Would it be useful to have a mapper with a hardware-accelerated additional stack? That is, you have a r/w register that'll also increase/decrease an onboard index register used for pushing/pulling the stack-in-wram.
Compared to just doing it manually in ram or exploiting the pc stack. An obvious downside is having to use wram in the first place. For someone going for wram anyway, it might be nice.
What sort of usage, if any, would benefit from having another hardware-driven stack?

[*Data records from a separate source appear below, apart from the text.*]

definition RD_reg :: "('n::finite \<times> 'n) set \<Rightarrow> (real^'n^'n) set" where
  "RD_reg D = {\<Lambda>. (\<forall>i j. (i,j) \<notin> D \<longrightarrow> \<Lambda> $ i $ j = 0) \<and> invertible (mat 1 - \<Lambda>)}"

definition pos_def_matrix :: "real^'n^'n \<Rightarrow> bool" where
  "pos_def_matrix M \<longleftrightarrow> transpose M = M \<and> (\<forall>x. x \<noteq> 0 \<longrightarrow> x \<bullet> (M *v x) > 0)"

definition PD :: "'n::finite set set \<Rightarrow> (real^'n^'n) set" where
  "PD B = {\<Omega>. pos_def_matrix \<Omega> \<and> (\<forall>i j. i \<noteq> j \<and> {i,j} \<notin> B \<longrightarrow> \<Omega> $ i $ j = 0)}"

definition model :: "('n::finite \<times> 'n) set \<Rightarrow> 'n set set \<Rightarrow> (real^'n^'n) set" where
  "model D B = {transpose (matrix_inv (mat 1 - \<Lambda>)) ** \<Omega> ** matrix_inv (mat 1 - \<Lambda>)
                 | \<Lambda> \<Omega>. \<Lambda> \<in> RD_reg D \<and> \<Omega> \<in> PD B}"

end

theory Submission
  imports Defs
begin
lemma orth_projection_norm_le:
  assumes P: "orth_projection smul ip P"
  shows "norm (P x) \<le> norm x"
proof -
  have "ip (P x) (x - P x) = 0"
    by (simp add: orth_projection_self_adjoint[OF P] orth_projection_diff[OF P]
        orth_projection_idem[OF P] ip_diff_right)
  then have "(norm x)\<^sup>2 = (norm (P x))\<^sup>2 + (norm (x - P x))\<^sup>2"
    using norm_add_sq[of "P x" "x - P x"] by simp
  then show ?thesis
    by (metis le_add_same_cancel1 norm_ge_zero power2_le_imp_le zero_le_power2)
qed

lemma orth_projection_ip_self:
  "orth_projection smul ip P \<Longrightarrow> ip (P x) x = complex_of_real ((norm (P x))\<^sup>2)"
  by (metis ip_self orth_projection_idem orth_projection_self_adjoint)

end

lemma sums_additive_continuous:
  fixes f :: "'a::real_normed_vector \<Rightarrow> 'b::real_normed_vector"
  assumes add: "\<And>a b. f (a + b) = f a + f b" and cont: "continuous_on UNIV f"
    and sums: "g sums s"
  shows "(\<lambda>n. f (g n)) sums f s"
proof -
  have partial_sums: "(\<Sum>i<n. f (g i)) = f (\<Sum>i<n. g i)" for n
    using add[of 0 0] by (induction n) (simp_all add: add)
  have "(\<lambda>n. f (\<Sum>i<n. g i)) \<longlonglongrightarrow> f s"
    using sums unfolding sums_def by (rule continuous_on_tendsto_compose[OF cont]) auto
  then show ?thesis
    unfolding sums_def partial_sums .
qed

section \<open>Measures on the circle\<close>

lemma sets_circle_borel_iff: "A \<in> sets circle_borel \<longleftrightarrow> A \<subseteq> sphere 0 1 \<and> A \<in> sets borel"
  by (rule sets_restrict_space_iff) auto

lemma sphere_in_circle_borel [simp]: "sphere 0 1 \<in> sets circle_borel"
  using sets.top[of circle_borel] by simp

lemma image_cnj_eq_vimage: "cnj ` A = cnj -` A"
  by (auto simp: image_iff) (metis complex_cnj_cnj)

lemma image_cnj_cnj [simp]: "cnj ` cnj ` A = A"
  by (simp add: image_image)

lemma image_cnj_sphere [simp]: "cnj ` sphere 0 1 = sphere 0 1"
  by (auto simp: image_cnj_eq_vimage)

lemma cnj_image_in_circle_borel:
  assumes "A \<in> sets circle_borel"
  shows "cnj ` A \<in> sets circle_borel"
proof -
  have "cnj \<in> borel_measurable borel"
    by (intro borel_measurable_continuous_onI continuous_intros)
  then have "cnj -` A \<in> sets borel"
    using assms measurable_sets[of cnj borel borel A] by (simp add: sets_circle_borel_iff)
  moreover have "cnj ` A \<subseteq> sphere 0 1"
    using assms by (auto simp: sets_circle_borel_iff)
  ultimately show ?thesis
    by (simp add: sets_circle_borel_iff image_cnj_eq_vimage)
qed

lemma cnj_measurable_circle_borel: "cnj \<in> measurable circle_borel circle_borel"
proof (rule measurableI)
  fix A assume A: "A \<in> sets circle_borel"
  then have "cnj -` A \<inter> space circle_borel = cnj ` A"
    by (auto simp: sets_circle_borel_iff image_cnj_eq_vimage)
  then show "cnj -` A \<inter> space circle_borel \<in> sets circle_borel"
    using cnj_image_in_circle_borel[OF A] by simp
qed simp
(* Fix $q\in(0,1)$. Consider a sequence of problems indexed by $n\to\infty$ with dimension $p=p_n$ (possibly diverging with $n$). For each $n$, let $\widehat{W}_1,\ldots,\widehat{W}_p$ be real-valued random variables (the approximate knockoff statistics) and let $\mathcal{H}_0\subset\{1,\ldots,p\}$ be the (deterministic) set of null features. Define the threshold $$T_q \equiv \min\Big\{ t\in\{|\widehat W_1|,\ldots,|\widehat W_p|\} : \frac{\#\{j:\widehat W_j\le -t\}}{\#\{j:\widehat W_j\ge t\}\vee 1}\le q\Big\},$$ the selected set $\widehat{\mathcal S}\equiv\{j\in[p]:\widehat W_j\ge T_q\}$, and $$\mathrm{FDR}\equiv \mathbb E\Big[\frac{\#\{j: j\in\widehat{\mathcal S}\cap\mathcal H_0\}}{\#\{j:j\in\widehat{\mathcal S}\}\vee 1}\Big].$$ Assume that for some $\alpha_n>0$ the following hold: (1) (asymptotic approximate symmetry) $\displaystyle\sup_{t\in(0,\alpha_n)}\Big|\frac{\sum_{j\in\mathcal H_0}\mathbb P(\widehat W_j\ge t)}{\sum_{j\in\mathcal H_0}\mathbb P(\widehat W_j\le -t)}-1\Big| = o(1)$; (2) (approximation for indicator functions) $$\sup_{t\in(0,\alpha_n)}\Big\{\Big|\frac{\sum_{j\in\mathcal H_0}\mathbf 1\{\widehat W_j\ge t\}}{\sum_{j\in\mathcal H_0}\mathbb P(\widehat W_j\ge t)}-1\Big|\vee\Big|\frac{\sum_{j\in\mathcal H_0}\mathbf 1\{\widehat W_j\le -t\}}{\sum_{j\in\mathcal H_0}\mathbb P(\widehat W_j\le -t)}-1\Big|\Big\}=o_{\mathbb P}(1);$$ (3) (localization of $T_q$) $\mathbb P(T_q>\alpha_n)=o(1)$. Then $\limsup_{n\to\infty}\mathrm{FDR}\le q$.
   Context: All asymptotic statements are as $n\to\infty$ with $p$ allowed to diverge with $n$; $a_n=o(b_n)$ means $a_n/b_n\to0$ and $a_n=o_{\mathbb P}(b_n)$ means $a_n/b_n\to0$ in probability. $a\vee b=\max\{a,b\}$. *)

theory Defs
  imports "HOL-Probability.Probability"
begin

text \<open>Knockoff threshold T_q (features indexed by 1..p). The minimum over an empty
  candidate set is taken to be +infinity (no feature is then selected).\<close>
definition Tq :: "real \<Rightarrow> nat \<Rightarrow> (nat \<Rightarrow> 'a \<Rightarrow> real) \<Rightarrow> 'a \<Rightarrow> ereal" where
  "Tq q p W \<omega> =
     (let C = {t. t \<in> (\<lambda>j. \<bar>W j \<omega>\<bar>) ` {1..p} \<and>
                  real (card {j\<in>{1..p}. W j \<omega> \<le> - t})
                    / max (real (card {j\<in>{1..p}. W j \<omega> \<ge> t})) 1 \<le> q}
      in if C = {} then \<infinity> else ereal (Min C))"

definition selected :: "real \<Rightarrow> nat \<Rightarrow> (nat \<Rightarrow> 'a \<Rightarrow> real) \<Rightarrow> 'a \<Rightarrow> nat set" where
  "selected q p W \<omega> = {j\<in>{1..p}. ereal (W j \<omega>) \<ge> Tq q p W \<omega>}"
(* Let $f\in\mathcal{H}$ be strongly non-polynomial with $\log t\prec f(t)$. Then for all sufficiently large $k$, $$1\prec|f^{(k)}(t)|^{-1/k}\prec|f^{(k+1)}(t)|^{-1/(k+1)}\prec t.$$
   Context: $\mathcal{H}$ is a fixed Hardy field (subfield of germs at $+\infty$ of real functions, closed under differentiation) containing the logarithmico-exponential functions, closed under composition and compositional inversion. $f\in\mathcal{H}$ is strongly non-polynomial if there is a non-negative integer $d$ with $t^d\prec f(t)\prec t^{d+1}$. $f\prec g$ means $f(t)/g(t)\to0$ as $t\to\infty$. *)

theory Defs
  imports "HOL-Analysis.Analysis" "HOL-Library.Landau_Symbols"
begin

text \<open>Germs at +infinity are represented by functions real => real; a set H of such
functions is read modulo eventual equality at at_top.\<close>

definition germ_in :: "(real \<Rightarrow> real) \<Rightarrow> (real \<Rightarrow> real) set \<Rightarrow> bool" where
  "germ_in f H \<longleftrightarrow> (\<exists>h\<in>H. eventually (\<lambda>x. h x = f x) at_top)"

definition hardy_field :: "(real \<Rightarrow> real) set \<Rightarrow> bool" where
  "hardy_field H \<longleftrightarrow>
     (\<forall>c. germ_in (\<lambda>_. c) H) \<and>
     (\<forall>f\<in>H. \<forall>g\<in>H. germ_in (\<lambda>x. f x + g x) H) \<and>
     (\<forall>f\<in>H. germ_in (\<lambda>x. - f x) H) \<and>
     (\<forall>f\<in>H. \<forall>g\<in>H. germ_in (\<lambda>x. f x * g x) H) \<and>
     (\<forall>f\<in>H. \<not> eventually (\<lambda>x. f x = 0) at_top \<longrightarrow>
        (\<exists>g\<in>H. eventually (\<lambda>x. f x * g x = 1) at_top)) \<and>
     (\<forall>f\<in>H. \<exists>f'\<in>H. eventually (\<lambda>x. (f has_real_derivative f' x) (at x)) at_top)"

inductive_set LE_functions :: "(real \<Rightarrow> real) set" where
  LE_const: "(\<lambda>_. c) \<in> LE_functions"
| LE_id: "(\<lambda>x. x) \<in> LE_functions"
| LE_add: "f \<in> LE_functions \<Longrightarrow> g \<in> LE_functions \<Longrightarrow> (\<lambda>x. f x + g x) \<in> LE_functions"
| LE_minus: "f \<in> LE_functions \<Longrightarrow> (\<lambda>x. - f x) \<in> LE_functions"
| LE_mult: "f \<in> LE_functions \<Longrightarrow> g \<in> LE_functions \<Longrightarrow> (\<lambda>x. f x * g x) \<in> LE_functions"
| LE_inverse: "f \<in> LE_functions \<Longrightarrow> eventually (\<lambda>x. f x \<noteq> 0) at_top \<Longrightarrow>
     (\<lambda>x. inverse (f x)) \<in> LE_functions"
| LE_exp: "f \<in> LE_functions \<Longrightarrow> (\<lambda>x. exp (f x)) \<in> LE_functions"
| LE_ln: "f \<in> LE_functions \<Longrightarrow> eventually (\<lambda>x. f x > 0) at_top \<Longrightarrow>
     (\<lambda>x. ln (f x)) \<in> LE_functions"

definition standing_hardy_field :: "(real \<Rightarrow> real) set \<Rightarrow> bool" where
  "standing_hardy_field H \<longleftrightarrow>
     hardy_field H \<and>
     (\<forall>g\<in>LE_functions. germ_in g H) \<and>
     (\<forall>f\<in>H. \<forall>g\<in>H. filterlim g at_top at_top \<longrightarrow> germ_in (\<lambda>x. f (g x)) H) \<and>
     (\<forall>f\<in>H. filterlim f at_top at_top \<longrightarrow>
        (\<exists>g\<in>H. filterlim g at_top at_top \<and> eventually (\<lambda>x. g (f x) = x) at_top))"

definition strongly_nonpolynomial :: "(real \<Rightarrow> real) \<Rightarrow> bool" where
  "strongly_nonpolynomial f \<longleftrightarrow>
     (\<exists>d::nat. (\<lambda>t. t ^ d) \<in> o[at_top](f) \<and> f \<in> o[at_top](\<lambda>t. t ^ (d + 1)))"

end

theory Submission
  imports Defs
begin

(*
  For a germ u of the Hardy field call x u'(x) / u(x) its elasticity. The elasticity lies in
  the field, so it is eventually comparable with every constant; if u is squeezed between two
  powers of x this forces it to converge, and its limit a, the growth exponent of u, satisfies
  ln |u(x)| / ln x --> a. The derivative of u then has growth exponent a - 1 whenever a ~= 0.

  A strongly non-polynomial f has growth exponent a in [d, d + 1]. If a is not an integer, the
  exponents a - k of f^(k) are negative for k > d. If a = n is an integer, f^(n) has exponent 0
  and is unbounded (n = d) or tends to 0 (n = d + 1); either way |f^(n+1)(x)| cannot be
  O(x^(-1-delta)), which makes -1 the exponent of f^(n+1). Moreover x^k |f^(k)(x)| --> oo for
  large k: directly if a > 0, and by ln t = o(f) if a = 0.

  For such k, let e < 0 be the exponent of f^(k). Then |f^(k)(x)| <= x^(e/2) gives the first
  comparison, and x |f^(k+1)(x)| ~ |f^(k)(x)| together with x^k |f^(k)(x)| --> oo give the
  other two.
*)

section \<open>Estimates for real functions at infinity\<close>

lemma eventually_powr_le_imp_le:
  fixes b c C :: real
  assumes "eventually (\<lambda>x. x powr b \<le> C * x powr c) at_top"
  shows "b \<le> c"
proof -
  have "(\<lambda>x. x powr b) \<in> O[at_top](\<lambda>x. x powr c)"
    using assms by (intro bigoI[of _ C]) (auto elim!: eventually_mono)
  then show ?thesis
    using powr_bigo_iff[OF filterlim_ident] by simp
qed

In my note book of wacky designs to maybe fill out some day, there's a note about using a dual ported ram wrapped in two separate read and write indexes going round and round to make an audio delay/loop unit (as an alternative to a bucket brigade delay or a conventional ram based digital delay unit). The distance of the two indexes determine the delay length. if not writing new data and if creating an artificial wraparoind, you get audio looping with settable loop lengths. The dual ports also means you could get away with the read and write business at half the clock frequency since you can do both simultaneously with two separate circuits with its own dual port ram access as long as you dont read the same cell at the same time. I don't really know if that'll work out nicely unless i can find the time to put some actual effort into it eventually, but it got me thinking about something more NES related*: An onboard stack pointer register into wram.
*well i guess something similar could be used to create a delay/looper unit to expand the nes APU without needing an expansion synth. For example laying down a basic bass, drum or chord pattern that loops, or free a channel from delay duties. The question is if the total circuit can get cheaper than the $6 dollars needed for a bucket brigade delay + clock. Both needs some passive filtering to sound nice, but that's the smallest cost component.
===
The philosophical, more nes dev related question.
Would it be useful to have a mapper with a hardware-accelerated additional stack? That is, you have a r/w register that'll also increase/decrease an onboard index register used for pushing/pulling the stack-in-wram.
Compared to just doing it manually in ram or exploiting the pc stack. An obvious downside is having to use wram in the first place. For someone going for wram anyway, it might be nice.
What sort of usage, if any, would benefit from having another hardware-driven stack?